How to find $\frac{f(z)}{z-a}$ I hope that you can help me to find some residues. I know two ways to find the residue in a value $a \in \mathbb{C}$:


*

*Straight forward calculation: $ \int_{C(a,\epsilon)^+} f(z) dz$ 

*Rewriting a function end using the equality $\frac 1{2 \pi i}Res_{z=a}\frac{f(z)}{z-a}\ = \ f(a)$


Now how can I get $Res_{z=0}\frac{e^z}{z^2} $ ? The second trick above doesn't work.
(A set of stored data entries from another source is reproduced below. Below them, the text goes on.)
(* Let $K$ be a totally real number field, $A$ a totally definite quaternion algebra over $K$, $\Lambda$ a maximal order of $A$, and let $\ell=\ell_1^2\ell_2$ where $\ell_1,\ell_2$ are positive integers and $\ell_2$ is square-free. If there exists an Arakelov-modular lattice of level $\ell_2$ over $\Lambda$, then there exists an Arakelov-modular lattice of level $\ell$ over $\Lambda$.
   Context: $A=\left(\frac{a,b}{K}\right)$ has $K$-basis $1,i,j,ij$, $i^2=a$, $j^2=b$, $ij=-ji$; conjugation $\overline{x_0+x_1i+x_2j+x_3ij}=x_0-x_1i-x_2j-x_3ij$; $\mathrm{tr}_{A/K}(x)=x+\bar x$; totally definite means $A\otimes_{K,\sigma}\mathbb{R}$ is the Hamilton quaternions for every real embedding $\sigma$. Ideals of $A$: finitely generated $\mathcal{O}_K$-submodules $I$ with $KI=A$; orders: ideals that are subrings with 1; maximal orders: maximal under inclusion. $\mathcal{LR}(\Lambda)$: ideals $J$ with $\{x:xJ\subseteq J\}=\{x:Jx\subseteq J\}=\Lambda$. $N(\Lambda)=\{x\in A^\times:x\Lambda x^{-1}=\Lambda\}$. For totally positive $\alpha\in K^\times$, $q_\alpha(x,y)=\mathrm{Tr}_{K/\mathbb{Q}}(\mathrm{tr}_{A/K}(\alpha x\bar y))$ extended to $A\otimes_{\mathbb{Q}}\mathbb{R}$. An ideal lattice over $\Lambda$ is $(I,q_\alpha)$ with $I=Jt$, $J\in\mathcal{LR}(\Lambda)$, $t\in A^\times$; dual $I^*=\{x\in A\otimes\mathbb{R}:q_\alpha(x,y)\in\mathbb{Z}\ \forall y\in I\}$. For a positive integer $m$, $(I,q_\alpha)$ is Arakelov-modular of level $m$ if there exist $J\in\mathcal{LR}(\Lambda)$, $t\in A^\times$ with $I=Jt$ and $\beta\in N(\Lambda)\cap\Lambda$ with $m=\beta\bar\beta$ and $I=I^*\bar t\beta\bar t^{-1}$. *)

theory Defs
  imports Complex_Main "HOL-Computational_Algebra.Polynomial" "HOL-Computational_Algebra.Squarefree"
begin

definition number_field :: "complex set \<Rightarrow> bool" where
  "number_field K \<longleftrightarrow> 0 \<in> K \<and> 1 \<in> K \<and>
     (\<forall>x\<in>K. \<forall>y\<in>K. x + y \<in> K \<and> x * y \<in> K) \<and>
     (\<forall>x\<in>K. - x \<in> K \<and> inverse x \<in> K) \<and>
     (\<exists>bs :: complex list. set bs \<subseteq> K \<and>
        (\<forall>x\<in>K. \<exists>q :: nat \<Rightarrow> rat. x = (\<Sum>i<length bs. of_rat (q i) * bs ! i)))"

definition embeddings :: "complex set \<Rightarrow> (complex \<Rightarrow> complex) set" where
  "embeddings K = {\<sigma>. \<sigma> 1 = 1 \<and> (\<forall>x\<in>K. \<forall>y\<in>K. \<sigma> (x + y) = \<sigma> x + \<sigma> y \<and> \<sigma> (x * y) = \<sigma> x * \<sigma> y)
                      \<and> (\<forall>x. x \<notin> K \<longrightarrow> \<sigma> x = 0)}"

definition totally_real :: "complex set \<Rightarrow> bool" where
  "totally_real K \<longleftrightarrow> (\<forall>\<sigma>\<in>embeddings K. \<forall>x\<in>K. \<sigma> x \<in> \<real>)"

definition totally_positive :: "complex set \<Rightarrow> complex \<Rightarrow> bool" where
  "totally_positive K \<alpha> \<longleftrightarrow> \<alpha> \<in> K \<and> (\<forall>\<sigma>\<in>embeddings K. \<sigma> \<alpha> \<in> \<real> \<and> Re (\<sigma> \<alpha>) > 0)"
So I tried to find the integral:
$$
\int_{C(0,\epsilon)} \frac{e^z}{z} dz \ = \ 
\int_{C(0,\epsilon)} \frac{e^{\epsilon e^{it}}}{\epsilon e^{it}} \cdot i\epsilon e^{it}dz 
\ = \ i \int_{C(0,\epsilon)} e ^ {re^{it}-it}dt
$$
I don't know how to solve this, so I hope that you can give me a trick to do so.
 A: Use series expansion of $e^z$ to get Laurent expansion of your function, you have:
$$e^{z}=\sum_{n=0}^{\infty}\frac{z^n}{n!}$$
So:
$$\frac{e^{z}}{z^2}=\sum_{n=0}^{\infty}\frac{z^{n-2}}{n!}=\frac{1}{z^2}+\frac{1}{z}+\sum_{n=2}^{\infty}\frac{z^{n-2}}{n!}$$
$\displaystyle \sum_{n=2}^{\infty}\frac{z^{n-2}}{n!}$ is analytic (entire function), so $Res_{z=0}\frac{e^z}{z^2}=1$.
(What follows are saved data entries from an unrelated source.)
text \<open>Coefficient of the product of the homogeneous element of degree i with
  coefficient a and the homogeneous element of degree j with coefficient b;
  the product is homogeneous of degree i + j.  This is the normal form obtained
  from distributivity and t_- t_+ = 1, t_+ t_- = p, r t_- = t_- phi(r),
  t_+ r = phi(r) t_+.\<close>
definition cslp_hmul :: "'a::ring_1 \<Rightarrow> ('a \<Rightarrow> 'a) \<Rightarrow> int \<Rightarrow> 'a \<Rightarrow> int \<Rightarrow> 'a \<Rightarrow> 'a" where
  "cslp_hmul p \<phi> i a j b =
     (if 0 \<le> i \<and> 0 \<le> j then a * (\<phi> ^^ nat i) b
      else if i \<le> 0 \<and> j \<le> 0 then (\<phi> ^^ nat (- j)) a * b
      else if 0 < i \<and> j < 0 then
        (if nat (- j) \<le> nat i then a * (\<phi> ^^ (nat i - nat (- j))) b
         else (\<phi> ^^ (nat (- j) - nat i)) a * b)
      else
        (if nat j \<le> nat (- i) then proj_seq \<phi> (nat (- i) - nat j) * ((cslp_psi p \<phi>) ^^ nat j) (a * b)
         else ((cslp_psi p \<phi>) ^^ nat (- i)) (a * b) * proj_seq \<phi> (nat j - nat (- i))))"

definition cslp_mult :: "'a::ring_1 \<Rightarrow> ('a \<Rightarrow> 'a) \<Rightarrow> (int \<Rightarrow> 'a) \<Rightarrow> (int \<Rightarrow> 'a) \<Rightarrow> (int \<Rightarrow> 'a)" where
  "cslp_mult p \<phi> c d = (\<lambda>k. \<Sum>i\<in>{i. c i \<noteq> 0}. cslp_hmul p \<phi> i (c i) (k - i) (d (k - i)))"

text \<open>Involution: (t_-^i r)^* = r^* t_+^i, (r t_+^i)^* = t_-^i r^*.\<close>
definition cslp_star :: "('a::ring_1 \<Rightarrow> 'a) \<Rightarrow> (int \<Rightarrow> 'a) \<Rightarrow> (int \<Rightarrow> 'a)" where
  "cslp_star s c = (\<lambda>k. s (c (- k)))"

definition cslp_homogeneous :: "(int \<Rightarrow> 'a::zero) \<Rightarrow> bool" where
  "cslp_homogeneous c \<longleftrightarrow> (\<exists>n. \<forall>k. k \<noteq> n \<longrightarrow> c k = 0)"

definition proper :: "('a::ring_1 \<Rightarrow> 'a) \<Rightarrow> bool" where
  "proper s \<longleftrightarrow> (\<forall>x. x * s x = 0 \<longrightarrow> x = 0)"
A: I guess you might call the following a "trick":
Lemma Let $D\subseteq \mathbb{C}$ be open and let $z_{0}\in D$.  Assume that $f$ is holomorphic in $D\setminus\{z_{0}\}$ and has a pole of order $m$ in $z_{0}$. Then
$$
Res_{z_{0}}(f)=\frac{1}{(m-1)!}\lim_{z\to z_{0}}((z-z_{0})^m f(z))^{(m-1)},
$$
where $((z-z_{0})^m f(z))^{(m-1)}$ means the $(m-1)-$th derivative of $(z-z_{0})^m f(z)$.
The proof is almost immediate: write down the Laurent development at $z_{0}$ of $f$ and look at what is $((z-z_{0})^m f(z))^{(m-1)}$ in terms of this development.
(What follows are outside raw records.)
lemma pow_mat_intertwine:
  assumes A: "A \<in> carrier_mat n n" and C: "C \<in> carrier_mat n n" and D: "D \<in> carrier_mat n n"
    and AC: "A * C = D * A"
  shows "A * C ^\<^sub>m j = D ^\<^sub>m j * A"
proof (induction j)
  case 0
  then show ?case using A C D by simp
next
  case (Suc j)
  have "A * C ^\<^sub>m Suc j = (A * C ^\<^sub>m j) * C"
    using A C by (simp add: assoc_mult_mat[of A n n "C ^\<^sub>m j" n C n])
  also have "\<dots> = D ^\<^sub>m j * (A * C)"
    using A C D by (simp add: Suc assoc_mult_mat[of "D ^\<^sub>m j" n n A n C n])
  also have "\<dots> = D ^\<^sub>m Suc j * A"
    using A D by (simp add: AC assoc_mult_mat[of "D ^\<^sub>m j" n n D n A n])
  finally show ?case .
qed

lemma pow_mat_conj_pow:
  assumes A: "A \<in> carrier_mat n n" and B: "B \<in> carrier_mat n n"
    and AB: "A * B = B ^\<^sub>m r * A"
  shows "A ^\<^sub>m m * B = B ^\<^sub>m (r ^ m) * A ^\<^sub>m m"
proof (induction m)
  case 0
  then show ?case using A B by simp
next
  case (Suc m)
  have "A ^\<^sub>m Suc m * B = (A ^\<^sub>m m * B ^\<^sub>m r) * A"
    using A B by (simp add: AB assoc_mult_mat[of "A ^\<^sub>m m" n n _ n _ n])
  also have "A ^\<^sub>m m * B ^\<^sub>m r = (B ^\<^sub>m (r ^ m)) ^\<^sub>m r * A ^\<^sub>m m"
    using A B Suc by (intro pow_mat_intertwine[of _ n]) auto
  also have "(B ^\<^sub>m (r ^ m)) ^\<^sub>m r = B ^\<^sub>m (r ^ Suc m)"
    using B by (simp add: pow_mat_mult[symmetric] mult.commute)
  finally show ?case
    using A B by (simp add: assoc_mult_mat[of "B ^\<^sub>m (r * r ^ m)" n n "A ^\<^sub>m m" n A n])
qed

lemma col_pow_mat_unit_vec:
  assumes A: "A \<in> carrier_mat n n" and j: "j < n" and col: "col A j = unit_vec n j"
  shows "col (A ^\<^sub>m m) j = unit_vec n j"
proof (induction m)
  case 0
  then show ?case using A j by simp
next
  case (Suc m)
  have "col (A ^\<^sub>m m * A) j = A ^\<^sub>m m *\<^sub>v unit_vec n j"
    using col_mult2[OF pow_carrier_mat[OF A] A j] col by simp
  also have "\<dots> = col (A ^\<^sub>m m) j"
    using A j by (intro eq_vecI) auto
  finally show ?case using Suc by simp
qed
Now, apply the result to your case, with $f(z):=e^z/z^2$, which has a pole of order $2$ at $z_{0}=0$.
You might also find the following result useful:
Lemma Let $D\subseteq \mathbb{C}$ be open and let $z_{0}\in D$.  Assume that $g$ is holomorphic in $z_{0}$, while $f$ is holomorphic in $D\setminus\{z_{0}\}$ and has a simple pole in $z_{0}$. Then
$$
Res_{z_{0}}(fg)=g(z_{0})Res_{z_{0}}(f)
$$
Again, the proof of this fact is clear: write the Laurent development of $f$ and $g$ in $z_{0}$ and look at what is the term indexed by $-1$ in the Laurent development of $fg$.
A: If you have a function holomorphic on some annulus we have a Laurent expansion
$$f(z) = \sum_{n= \infty}^{\infty} a_n (z-z_0)^n$$
where
$$a_n = \frac{1}{2\pi i} \int_{\gamma} \frac{f(z)}{(z-z_0)^{n+1}}dz$$
where $\gamma$ is some closed curve in your annulus.
We have the the residue at $z_0$ is $Res_{z=z_0} f(z) = a_{-1}$. That is the residue is just the coefficient of $z^{-1}$ in our Laurent series. We can thus compute the residue with the integral formula or find the Laurent series and look at the coffient $a_{-1}$.
So remember all the residue is a some coefficient in the Laurent series. Sometimes it is hard to compute the Laurent series center at a given point and the integral computation is better to do. Other times it is easier to just find the Laurent series, which it is in your cases as the other answers have pointed out.